Hubble image of Messier 54, a globular cluster located in the Sagittarius Dwarf Galaxy. Credit: ESA/Hubble & NASA

If you want to wrap your mind around this, think of the stellar nursery that formed our Sun and a bunch of other stars. Imagine a single cloud of gas and dust forming multiple stars systems within it. Over time, the stars matured and drifted away from each other.

That’s top down. One big event that leads to the structure we see today.

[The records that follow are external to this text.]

lemma smul_0_left [simp]: "smul 0 P = 0"
  and smul_1 [simp]: "smul 1 P = P"
  and smul_0_right [simp]: "smul c 0 = 0"
  and smul_smul: "smul a (smul b P) = smul (a * b) P"
  and smul_add_left: "smul (a + b) P = smul a P + smul b P"
  and smul_diff_left: "smul (a - b) P = smul a P - smul b P"
  and smul_add_right: "smul c (P + Q) = smul c P + smul c Q"
  and smul_neg_1: "smul (-1) P = - P"
  by (simp_all add: smul_def fun_eq_iff algebra_simps)

lemma smul_eq_0_iff: "smul c P = 0 \<longleftrightarrow> c = 0 \<or> P = 0"
  by (auto simp: smul_def fun_eq_iff)

lemma smul_sum_right: "smul c (\<Sum>i\<in>I. f i) = (\<Sum>i\<in>I. smul c (f i))"
  by (simp add: smul_def fun_eq_iff sum_fun_apply sum_distrib_left)

lemma smul_sum_left: "smul (\<Sum>i\<in>I. f i) P = (\<Sum>i\<in>I. smul (f i) P)"
  by (simp add: smul_def fun_eq_iff sum_fun_apply sum_distrib_right)

lemma linear_op_add: "linear_op D \<Longrightarrow> D (P + Q) = D P + D Q"
  and linear_op_smul: "linear_op D \<Longrightarrow> D (smul c P) = smul c (D P)"
  by (simp_all add: linear_op_def)

lemma linear_op_zero: "linear_op D \<Longrightarrow> D 0 = 0"
  using linear_op_smul[of D 0 0] by simp

lemma linear_op_uminus: "linear_op D \<Longrightarrow> D (- P) = - D P"
  using linear_op_smul[of D "-1" P] by (simp add: smul_neg_1)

In the bottom up model, pockets of gas and dust collected together into larger and larger masses, eventually forming dwarf galaxies, and even the clusters and superclusters we see today. The supermassive black holes at the heart of galaxies were grown from collisions and mergers between black holes over eons.

In fact, this is actually how astronomers think the planets in the Solar System formed. By pieces of dust attracting one another into larger and larger grains until the planet-sized objects formed over millions of years.

Bottom up, small parts coming together.

Shortly after the Big Bang, the entire Universe was incredibly dense. But it wasn’t the same density everywhere. Tiny quantum fluctuations in density at the beginning evolved over billions of years of expansion into the galactic superclusters we see today.

Colliding galaxies can force the supermassive black holes in their cores together (NCSA)

I want to stop and let this sink into your brain for a second. There were microscopic variations in density in the early Universe. And these variations became the structures hundreds of millions of light-years across we see today.

Imagine the two forces at play as the expansion of the Universe happened. On the one hand, you’ve got the mutual gravity of the particles pulling one another together. And on the other hand, you’ve got the expansion of the Universe separating the particles from one another. The size of the galaxies, clusters and superclusters were decided by the balance point of those opposing forces.

If small pieces came together, then you’d get that bottom up formation. If large pieces came together, you’d get that top down formation.

When astronomers look out into the Universe at the largest scales, they observe clusters and superclusters as far as they can see – which supports the top down model.

On the other hand, observations show that the first stars formed just a few hundred million years after the Big Bang, which supports bottom up.

So the answer is both?

No, the most modern observations give the edge to the bottom up processes.

The key is that gravity moves at the speed of light, which means that the gravitational interactions between particles spreading away from each other needed to catch up, going the speed of light.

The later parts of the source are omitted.